(* Let $G$ be a cubical $\omega$-category with connections. If $x\in\Phi_n(G_n)$ and $1\le m\le n$, then $\partial^\alpha_mx=\varepsilon_1^{m-1}(\partial^\alpha_1)^mx$ and $\varepsilon_m\partial^\alpha_mx=\varepsilon_1^m(\partial^\alpha_1)^mx$, for $\alpha=\pm$.
   Context: A cubical $\omega$-category with connections $G$ consists of sets $G_n$ ($n\ge0$), face maps $\partial^\alpha_i:G_n\to G_{n-1}$, degeneracies $\varepsilon_i:G_{n-1}\to G_n$, connections $\Gamma^\alpha_i:G_n\to G_{n+1}$ ($1\le i\le n$, $\alpha=\pm$) and partial compositions $\circ_j$ on $G_n$ ($1\le j\le n$, $a\circ_jb$ defined iff $\partial^+_ja=\partial^-_jb$) satisfying: $\partial^\alpha_i\partial^\beta_j=\partial^\beta_{j-1}\partial^\alpha_i$ ($i<j$), $\varepsilon_i\varepsilon_j=\varepsilon_{j+1}\varepsilon_i$ ($i\le j$), $\partial^\alpha_i\varepsilon_j=\varepsilon_{j-1}\partial^\alpha_i$ ($i<j$), $\varepsilon_j\partial^\alpha_{i-1}$ ($i>j$), $\mathrm{id}$ ($i=j$); $\Gamma^\alpha_i\Gamma^\beta_j=\Gamma^\beta_{j+1}\Gamma^\alpha_i$ ($i<j$), $\Gamma^\alpha_i\Gamma^\alpha_i=\Gamma^\alpha_{i+1}\Gamma^\alpha_i$, $\Gamma^\alpha_i\varepsilon_j=\varepsilon_{j+1}\Gamma^\alpha_i$ ($i<j$), $\varepsilon_j\Gamma^\alpha_{i-1}$ ($i>j$), $\Gamma^\alpha_j\varepsilon_j=\varepsilon_{j+1}\varepsilon_j$, $\partial^\alpha_i\Gamma^\beta_j=\Gamma^\beta_{j-1}\partial^\alpha_i$ ($i<j$), $\Gamma^\beta_j\partial^\alpha_{i-1}$ ($i>j+1$), $\partial^\alpha_j\Gamma^\alpha_j=\partial^\alpha_{j+1}\Gamma^\alpha_j=\mathrm{id}$, $\partial^\alpha_j\Gamma^{-\alpha}_j=\partial^\alpha_{j+1}\Gamma^{-\alpha}_j=\varepsilon_j\partial^\alpha_j$; $\partial^-_j(a\circ_jb)=\partial^-_ja$, $\partial^+_j(a\circ_jb)=\partial^+_jb$, $\partial^\alpha_i(a\circ_jb)=\partial^\alpha_ia\circ_{j-1}\partial^\alpha_ib$ ($i<j$), $\partial^\alpha_ia\circ_j\partial^\alpha_ib$ ($i>j$); interchange for $i\ne j$; $\varepsilon_i(a\circ_jb)=\varepsilon_ia\circ_{j+1}\varepsilon_ib$ ($i\le j$), $\varepsilon_ia\circ_j\varepsilon_ib$ ($i>j$); $\Gamma^\alpha_i(a\circ_jb)=\Gamma^\alpha_ia\circ_{j+1}\Gamma^\alpha_ib$ ($i<j$), $\Gamma^\alpha_ia\circ_j\Gamma^\alpha_ib$ ($i>j$); $\Gamma^+_j(a\circ_jb)=(\Gamma^+_ja\circ_j\varepsilon_ja)\circ_{j+1}(\varepsilon_{j+1}a\circ_j\Gamma^+_jb)$, $\Gamma^-_j(a\circ_jb)=(\Gamma^-_ja\circ_j\varepsilon_{j+1}b)\circ_{j+1}(\varepsilon_jb\circ_j\Gamma^-_jb)$; each $\circ_j$ is a category structure with identities $\varepsilon_jy$; $\Gamma^+_ix\circ_i\Gamma^-_ix=\varepsilon_{i+1}x$, $\Gamma^+_ix\circ_{i+1}\Gamma^-_ix=\varepsilon_ix$. Folding operations on $G_n$: $\psi_ix=\Gamma^+_i\partial^-_{i+1}x\circ_{i+1}x\circ_{i+1}\Gamma^-_i\partial^+_{i+1}x$ ($1\le i\le n-1$), $\Psi_r=\psi_{r-1}\cdots\psi_1$, $\Phi_n=\Psi_1\Psi_2\cdots\Psi_n$. *)

theory Defs
  imports Main
begin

★ ★ ★ ★ ★

Task directions: Return all of the listing above exactly, leaving nothing out.

Solution:
(* Let $G$ be a cubical $\omega$-category with connections. If $x\in\Phi_n(G_n)$ and $1\le m\le n$, then $\partial^\alpha_mx=\varepsilon_1^{m-1}(\partial^\alpha_1)^mx$ and $\varepsilon_m\partial^\alpha_mx=\varepsilon_1^m(\partial^\alpha_1)^mx$, for $\alpha=\pm$.
   Context: A cubical $\omega$-category with connections $G$ consists of sets $G_n$ ($n\ge0$), face maps $\partial^\alpha_i:G_n\to G_{n-1}$, degeneracies $\varepsilon_i:G_{n-1}\to G_n$, connections $\Gamma^\alpha_i:G_n\to G_{n+1}$ ($1\le i\le n$, $\alpha=\pm$) and partial compositions $\circ_j$ on $G_n$ ($1\le j\le n$, $a\circ_jb$ defined iff $\partial^+_ja=\partial^-_jb$) satisfying: $\partial^\alpha_i\partial^\beta_j=\partial^\beta_{j-1}\partial^\alpha_i$ ($i<j$), $\varepsilon_i\varepsilon_j=\varepsilon_{j+1}\varepsilon_i$ ($i\le j$), $\partial^\alpha_i\varepsilon_j=\varepsilon_{j-1}\partial^\alpha_i$ ($i<j$), $\varepsilon_j\partial^\alpha_{i-1}$ ($i>j$), $\mathrm{id}$ ($i=j$); $\Gamma^\alpha_i\Gamma^\beta_j=\Gamma^\beta_{j+1}\Gamma^\alpha_i$ ($i<j$), $\Gamma^\alpha_i\Gamma^\alpha_i=\Gamma^\alpha_{i+1}\Gamma^\alpha_i$, $\Gamma^\alpha_i\varepsilon_j=\varepsilon_{j+1}\Gamma^\alpha_i$ ($i<j$), $\varepsilon_j\Gamma^\alpha_{i-1}$ ($i>j$), $\Gamma^\alpha_j\varepsilon_j=\varepsilon_{j+1}\varepsilon_j$, $\partial^\alpha_i\Gamma^\beta_j=\Gamma^\beta_{j-1}\partial^\alpha_i$ ($i<j$), $\Gamma^\beta_j\partial^\alpha_{i-1}$ ($i>j+1$), $\partial^\alpha_j\Gamma^\alpha_j=\partial^\alpha_{j+1}\Gamma^\alpha_j=\mathrm{id}$, $\partial^\alpha_j\Gamma^{-\alpha}_j=\partial^\alpha_{j+1}\Gamma^{-\alpha}_j=\varepsilon_j\partial^\alpha_j$; $\partial^-_j(a\circ_jb)=\partial^-_ja$, $\partial^+_j(a\circ_jb)=\partial^+_jb$, $\partial^\alpha_i(a\circ_jb)=\partial^\alpha_ia\circ_{j-1}\partial^\alpha_ib$ ($i<j$), $\partial^\alpha_ia\circ_j\partial^\alpha_ib$ ($i>j$); interchange for $i\ne j$; $\varepsilon_i(a\circ_jb)=\varepsilon_ia\circ_{j+1}\varepsilon_ib$ ($i\le j$), $\varepsilon_ia\circ_j\varepsilon_ib$ ($i>j$); $\Gamma^\alpha_i(a\circ_jb)=\Gamma^\alpha_ia\circ_{j+1}\Gamma^\alpha_ib$ ($i<j$), $\Gamma^\alpha_ia\circ_j\Gamma^\alpha_ib$ ($i>j$); $\Gamma^+_j(a\circ_jb)=(\Gamma^+_ja\circ_j\varepsilon_ja)\circ_{j+1}(\varepsilon_{j+1}a\circ_j\Gamma^+_jb)$, $\Gamma^-_j(a\circ_jb)=(\Gamma^-_ja\circ_j\varepsilon_{j+1}b)\circ_{j+1}(\varepsilon_jb\circ_j\Gamma^-_jb)$; each $\circ_j$ is a category structure with identities $\varepsilon_jy$; $\Gamma^+_ix\circ_i\Gamma^-_ix=\varepsilon_{i+1}x$, $\Gamma^+_ix\circ_{i+1}\Gamma^-_ix=\varepsilon_ix$. Folding operations on $G_n$: $\psi_ix=\Gamma^+_i\partial^-_{i+1}x\circ_{i+1}x\circ_{i+1}\Gamma^-_i\partial^+_{i+1}x$ ($1\le i\le n-1$), $\Psi_r=\psi_{r-1}\cdots\psi_1$, $\Phi_n=\Psi_1\Psi_2\cdots\Psi_n$. *)

theory Defs
  imports Main
begin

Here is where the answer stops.